**Assignment**:
Exactly as they appear, copy the lines from the start of the entries below to the line containing "using popG_taylor[of s", both ends included.

[Task input — start]

lemma popG_has_derivative: "(popG s has_derivative popG_deriv s t) (at t)"
  unfolding has_derivative_at_alt
proof (intro conjI allI impI bounded_linear_popG_deriv)
  fix e :: real
  assume e: "e > 0"
  define C where "C = 1/2 + (\<integral>y. mix_density s y * norm y ^ 2 \<partial>lborel)"
  have "0 \<le> (\<integral>y. mix_density s y * norm y ^ 2 \<partial>lborel)"
    using mix_density_pos[of s] by (intro integral_nonneg_AE AE_I2) (simp add: less_imp_le)
  then have C: "C > 0"
    unfolding C_def by simp
  show "\<exists>d>0. \<forall>y. norm (y - t) < d \<longrightarrow> norm (popG s y - popG s t - popG_deriv s t (y - t)) \<le> e * norm (y - t)"
  proof (intro exI[of _ "e / C"] conjI allI impI)
    fix y
    assume y: "norm (y - t) < e / C"
    have "norm (popG s y - popG s t - popG_deriv s t (y - t)) \<le> (C * norm (y - t)) * norm (y - t)"
      using popG_taylor[of s t "y - t"] unfolding C_def by (simp add: power2_eq_square mult_ac)
    also have "\<dots> \<le> e * norm (y - t)"
      using y C by (intro mult_right_mono) (auto simp: field_simps)
    finally show "norm (popG s y - popG s t - popG_deriv s t (y - t)) \<le> e * norm (y - t)" .
  qed (use e C in simp)
qed

lemma stationary_point_popG_iff: "stationary_point (popG s) t \<longleftrightarrow> popG_deriv s t = (\<lambda>h. 0)"
  unfolding stationary_point_def
  using popG_has_derivative[of s t] has_derivative_unique by metis
lemma
  fixes f :: "'a::euclidean_space \<Rightarrow> 'b::{banach,second_countable_topology}"
  assumes S: "S \<in> sets lebesgue" and vanish: "\<And>x. x \<notin> S \<Longrightarrow> f x = 0"
  shows integral_lebesgue_on_eq: "integral\<^sup>L (lebesgue_on S) f = integral\<^sup>L lebesgue f"
    and integrable_lebesgue_on_iff: "integrable (lebesgue_on S) f \<longleftrightarrow> integrable lebesgue f"
proof -
  have "(\<lambda>x. indicator S x *\<^sub>R f x) = f"
    using vanish by (auto simp: indicator_def)
  then show "integral\<^sup>L (lebesgue_on S) f = integral\<^sup>L lebesgue f"
    and "integrable (lebesgue_on S) f \<longleftrightarrow> integrable lebesgue f"
    using integral_restrict_space[of S lebesgue f] integrable_restrict_space[of S lebesgue f] S
    by simp_all
qed

lemma integrable_imp_integrable_lebesgue_on:
  fixes f :: "'a::euclidean_space \<Rightarrow> 'b::{banach,second_countable_topology}"
  shows "S \<in> sets lebesgue \<Longrightarrow> integrable lebesgue f \<Longrightarrow> integrable (lebesgue_on S) f"
  by (simp add: integrable_restrict_space integrable_mult_indicator)

lemma integrable_const_lebesgue_on:
  assumes "S \<in> lmeasurable"
  shows "integrable (lebesgue_on S) (\<lambda>x. c :: real)"
  using assms integrable_imp_integrable_lebesgue_on[of S "\<lambda>x. c * indicator S x"]
  by (auto simp: fmeasurable_def integrable_restrict_space)

lemma integrable_continuous_compact_support:
  fixes f :: "'a::euclidean_space \<Rightarrow> real"
  assumes f: "continuous_on S f" and S: "S \<in> sets lebesgue"
    and K: "compact K" "K \<subseteq> S" and supp: "\<And>x. x \<notin> K \<Longrightarrow> f x = 0"
  shows "integrable (lebesgue_on S) f"
proof -
  obtain B where B: "B \<ge> 0" "\<And>x. x \<in> K \<Longrightarrow> norm (f x) \<le> B"
    using continuous_on_compact_norm_bound[OF f K] by blast
  have dominant: "integrable (lebesgue_on S) (\<lambda>x. B * indicator K x)"
    using K S fmeasurable_compact[OF K(1)]
    by (auto simp: sets_restrict_space_iff emeasure_restrict_space fmeasurable_def)
  have "norm (f x) \<le> norm (B * indicator K x)" for x
    using B supp[of x] by (cases "x \<in> K") auto
  then show ?thesis
    by (intro Bochner_Integration.integrable_bound[OF dominant
          continuous_imp_measurable_on_sets_lebesgue[OF f S]] AE_I2)
qed

section \<open>Square integrable functions\<close>

lemma inner_le_weighted_squares:
  fixes u v :: "'a::real_inner"
  assumes "0 < e"
  shows "\<bar>u \<bullet> v\<bar> \<le> e / 2 * (norm u)\<^sup>2 + 1 / (2 * e) * (norm v)\<^sup>2"
proof -
  have "0 \<le> (e * norm u - norm v)\<^sup>2"
    by simp
  then have "norm u * norm v \<le> e / 2 * (norm u)\<^sup>2 + 1 / (2 * e) * (norm v)\<^sup>2"
    using assms by (simp add: field_simps power2_eq_square)
  then show ?thesis
    using Cauchy_Schwarz_ineq2[of u v] by linarith
qed

lemma integrable_inner_square_integrable:
  fixes f g :: "'a \<Rightarrow> 'b::euclidean_space"
  assumes "f \<in> borel_measurable M" "g \<in> borel_measurable M"
    and "integrable M (\<lambda>x. (norm (f x))\<^sup>2)" "integrable M (\<lambda>x. (norm (g x))\<^sup>2)"
  shows "integrable M (\<lambda>x. f x \<bullet> g x)"
proof (rule Bochner_Integration.integrable_bound)
  show "integrable M (\<lambda>x. 1 / 2 * (norm (f x))\<^sup>2 + 1 / 2 * (norm (g x))\<^sup>2)"
    using assms(3,4) by auto
  show "(\<lambda>x. f x \<bullet> g x) \<in> borel_measurable M"
    using assms(1,2) by measurable
  show "AE x in M. norm (f x \<bullet> g x) \<le> norm (1 / 2 * (norm (f x))\<^sup>2 + 1 / 2 * (norm (g x))\<^sup>2)"
    using inner_le_weighted_squares[of 1] by (intro AE_I2) fastforce
qed

lemma integrable_mult_square_integrable:
  fixes f g :: "'a \<Rightarrow> real"
  assumes "f \<in> borel_measurable M" "g \<in> borel_measurable M"
    and "integrable M (\<lambda>x. (f x)\<^sup>2)" "integrable M (\<lambda>x. (g x)\<^sup>2)"
  shows "integrable M (\<lambda>x. f x * g x)"
  using integrable_inner_square_integrable[OF assms(1,2)] assms(3,4) by simp

lemma integrable_norm_diff_sq:
  fixes f g :: "'a \<Rightarrow> 'b::euclidean_space"
  assumes "f \<in> borel_measurable M" "g \<in> borel_measurable M"
    and "integrable M (\<lambda>x. (norm (f x))\<^sup>2)" "integrable M (\<lambda>x. (norm (g x))\<^sup>2)"
  shows "integrable M (\<lambda>x. (norm (f x - g x))\<^sup>2)"
proof -
  have "(\<lambda>x. (norm (f x - g x))\<^sup>2) = (\<lambda>x. (norm (f x))\<^sup>2 - 2 * (f x \<bullet> g x) + (norm (g x))\<^sup>2)"
    by (simp add: power2_norm_eq_inner algebra_simps inner_commute)
  with integrable_inner_square_integrable[OF assms] assms(3,4) show ?thesis
    by simp
qed

lemma integrable_indicator_mult_square_integrable:
  fixes f :: "'a::euclidean_space \<Rightarrow> real"
  assumes K: "compact K" "K \<subseteq> S" and S: "S \<in> sets lebesgue"
    and f: "f \<in> borel_measurable (lebesgue_on S)" "integrable (lebesgue_on S) (\<lambda>x. (f x)\<^sup>2)"
  shows "integrable (lebesgue_on S) (\<lambda>x. indicator K x * f x)"
proof (rule integrable_mult_square_integrable[OF _ f(1) _ f(2)])
  have K_sets: "K \<in> sets (lebesgue_on S)" "emeasure (lebesgue_on S) K < \<infinity>"
    using K S fmeasurable_compact[OF K(1)]
    by (auto simp: sets_restrict_space_iff emeasure_restrict_space fmeasurable_def)
  then show "indicator K \<in> borel_measurable (lebesgue_on S)"
    by simp
  have "(\<lambda>x. (indicator K x :: real)\<^sup>2) = indicator K"
    by (auto simp: indicator_def)
  then show "integrable (lebesgue_on S) (\<lambda>x. (indicator K x :: real)\<^sup>2)"
    using K_sets by simp
qed

lemma abs_integral_inner_le:
  fixes f g :: "'a \<Rightarrow> 'b::euclidean_space"
  assumes "f \<in> borel_measurable M" "g \<in> borel_measurable M"
    and "integrable M (\<lambda>x. (norm (f x))\<^sup>2)" "integrable M (\<lambda>x. (norm (g x))\<^sup>2)" and e: "0 < e"
  shows "\<bar>integral\<^sup>L M (\<lambda>x. f x \<bullet> g x)\<bar>
    \<le> e / 2 * integral\<^sup>L M (\<lambda>x. (norm (f x))\<^sup>2) + 1 / (2 * e) * integral\<^sup>L M (\<lambda>x. (norm (g x))\<^sup>2)"
proof -
  have "\<bar>integral\<^sup>L M (\<lambda>x. f x \<bullet> g x)\<bar> \<le> integral\<^sup>L M (\<lambda>x. \<bar>f x \<bullet> g x\<bar>)"
    by (rule integral_abs_bound)
  also have "\<dots> \<le> integral\<^sup>L M (\<lambda>x. e / 2 * (norm (f x))\<^sup>2 + 1 / (2 * e) * (norm (g x))\<^sup>2)"
    using assms integrable_inner_square_integrable[OF assms(1-4)]
    by (intro integral_mono inner_le_weighted_squares) auto
  also have "\<dots> = e / 2 * integral\<^sup>L M (\<lambda>x. (norm (f x))\<^sup>2)
      + 1 / (2 * e) * integral\<^sup>L M (\<lambda>x. (norm (g x))\<^sup>2)"
    using assms(3,4) by simp
  finally show ?thesis .
qed

lemma tendsto_integral_inner_L2:
  fixes f :: "nat \<Rightarrow> 'a \<Rightarrow> 'b::euclidean_space"
  assumes meas: "g \<in> borel_measurable M" "\<And>k. f k \<in> borel_measurable M" "F \<in> borel_measurable M"
    and sq: "integrable M (\<lambda>x. (norm (g x))\<^sup>2)" "\<And>k. integrable M (\<lambda>x. (norm (f k x))\<^sup>2)"
      "integrable M (\<lambda>x. (norm (F x))\<^sup>2)"
    and lim: "(\<lambda>k. integral\<^sup>L M (\<lambda>x. (norm (f k x - F x))\<^sup>2)) \<longlonglongrightarrow> 0"
  shows "(\<lambda>k. integral\<^sup>L M (\<lambda>x. g x \<bullet> f k x)) \<longlonglongrightarrow> integral\<^sup>L M (\<lambda>x. g x \<bullet> F x)"
proof -
  define G where "G = integral\<^sup>L M (\<lambda>x. (norm (g x))\<^sup>2)"
  define a where "a k = integral\<^sup>L M (\<lambda>x. (norm (f k x - F x))\<^sup>2)" for k
  have G: "0 \<le> G"
    unfolding G_def by simp
  have estimate: "\<bar>integral\<^sup>L M (\<lambda>x. g x \<bullet> f k x) - integral\<^sup>L M (\<lambda>x. g x \<bullet> F x)\<bar>
      \<le> e / 2 * G + 1 / (2 * e) * a k" if e: "0 < e" for e k
  proof -
    have "integral\<^sup>L M (\<lambda>x. g x \<bullet> f k x) - integral\<^sup>L M (\<lambda>x. g x \<bullet> F x)
        = integral\<^sup>L M (\<lambda>x. g x \<bullet> (f k x - F x))"
      using integrable_inner_square_integrable[OF meas(1,2) sq(1,2)]
        integrable_inner_square_integrable[OF meas(1,3) sq(1,3)]
      by (simp add: inner_diff_right)
    also have "\<bar>\<dots>\<bar> \<le> e / 2 * G + 1 / (2 * e) * a k"
      unfolding G_def a_def using meas sq
      by (intro abs_integral_inner_le integrable_norm_diff_sq e) auto
    finally show ?thesis .
  qed
  have "(\<lambda>k. integral\<^sup>L M (\<lambda>x. g x \<bullet> f k x) - integral\<^sup>L M (\<lambda>x. g x \<bullet> F x)) \<longlonglongrightarrow> 0"
  proof (rule LIMSEQ_I)
    fix \<epsilon> :: real
    assume "0 < \<epsilon>"
    define e where "e = \<epsilon> / (G + 1)"
    have e: "0 < e" "e / 2 * G < \<epsilon> / 2"
      using \<open>0 < \<epsilon>\<close> G by (auto simp: e_def field_simps)
    then have "0 < e * \<epsilon>"
      using \<open>0 < \<epsilon>\<close> by simp
    then obtain N where N: "\<And>k. k \<ge> N \<Longrightarrow> norm (a k - 0) < e * \<epsilon>"
      using LIMSEQ_D[OF lim[folded a_def]] by blast
    have "\<bar>integral\<^sup>L M (\<lambda>x. g x \<bullet> f k x) - integral\<^sup>L M (\<lambda>x. g x \<bullet> F x)\<bar> < \<epsilon>" if "k \<ge> N" for k
    proof -
      have "1 / (2 * e) * a k < \<epsilon> / 2"
        using N[OF that] e(1) by (simp add: field_simps)
      then show ?thesis
        using estimate[OF e(1), of k] e(2) by linarith
    qed
    then show "\<exists>N. \<forall>k\<ge>N. norm (integral\<^sup>L M (\<lambda>x. g x \<bullet> f k x) - integral\<^sup>L M (\<lambda>x. g x \<bullet> F x) - 0) < \<epsilon>"
      by auto
  qed
  then show ?thesis
    by (rule LIM_zero_cancel)
qed

lemma tendsto_integral_norm_sq_L2:
  fixes f :: "nat \<Rightarrow> 'a \<Rightarrow> 'b::euclidean_space"
  assumes meas: "\<And>k. f k \<in> borel_measurable M" "F \<in> borel_measurable M"
    and sq: "\<And>k. integrable M (\<lambda>x. (norm (f k x))\<^sup>2)" "integrable M (\<lambda>x. (norm (F x))\<^sup>2)"
    and lim: "(\<lambda>k. integral\<^sup>L M (\<lambda>x. (norm (f k x - F x))\<^sup>2)) \<longlonglongrightarrow> 0"
  shows "(\<lambda>k. integral\<^sup>L M (\<lambda>x. (norm (f k x))\<^sup>2)) \<longlonglongrightarrow> integral\<^sup>L M (\<lambda>x. (norm (F x))\<^sup>2)"
proof -
  have "(norm (f k x))\<^sup>2 = (norm (f k x - F x))\<^sup>2 + 2 * (F x \<bullet> f k x) - (norm (F x))\<^sup>2" for k x
    by (simp add: power2_norm_eq_inner algebra_simps inner_commute)
  then have eq: "integral\<^sup>L M (\<lambda>x. (norm (f k x))\<^sup>2) = integral\<^sup>L M (\<lambda>x. (norm (f k x - F x))\<^sup>2)
      + 2 * integral\<^sup>L M (\<lambda>x. F x \<bullet> f k x) - integral\<^sup>L M (\<lambda>x. (norm (F x))\<^sup>2)" for k
    using integrable_norm_diff_sq[OF meas(1,2) sq(1,2)]
      integrable_inner_square_integrable[OF meas(2,1) sq(2,1)] sq(2)
    by simp
  have "(\<lambda>k. integral\<^sup>L M (\<lambda>x. (norm (f k x - F x))\<^sup>2) + 2 * integral\<^sup>L M (\<lambda>x. F x \<bullet> f k x)
      - integral\<^sup>L M (\<lambda>x. (norm (F x))\<^sup>2))
      \<longlonglongrightarrow> 0 + 2 * integral\<^sup>L M (\<lambda>x. F x \<bullet> F x) - integral\<^sup>L M (\<lambda>x. (norm (F x))\<^sup>2)"
    by (intro tendsto_intros lim tendsto_integral_inner_L2[OF meas(2,1,2) sq(2,1,2) lim])
  then show ?thesis
    unfolding eq by (simp add: power2_norm_eq_inner)
qed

[Task input — finish]

**Response to the task**:
lemma popG_has_derivative: "(popG s has_derivative popG_deriv s t) (at t)"
  unfolding has_derivative_at_alt
proof (intro conjI allI impI bounded_linear_popG_deriv)
  fix e :: real
  assume e: "e > 0"
  define C where "C = 1/2 + (\<integral>y. mix_density s y * norm y ^ 2 \<partial>lborel)"
  have "0 \<le> (\<integral>y. mix_density s y * norm y ^ 2 \<partial>lborel)"
    using mix_density_pos[of s] by (intro integral_nonneg_AE AE_I2) (simp add: less_imp_le)
  then have C: "C > 0"
    unfolding C_def by simp
  show "\<exists>d>0. \<forall>y. norm (y - t) < d \<longrightarrow> norm (popG s y - popG s t - popG_deriv s t (y - t)) \<le> e * norm (y - t)"
  proof (intro exI[of _ "e / C"] conjI allI impI)
    fix y
    assume y: "norm (y - t) < e / C"
    have "norm (popG s y - popG s t - popG_deriv s t (y - t)) \<le> (C * norm (y - t)) * norm (y - t)"
      using popG_taylor[of s t "y - t"] unfolding C_def by (simp add: power2_eq_square mult_ac)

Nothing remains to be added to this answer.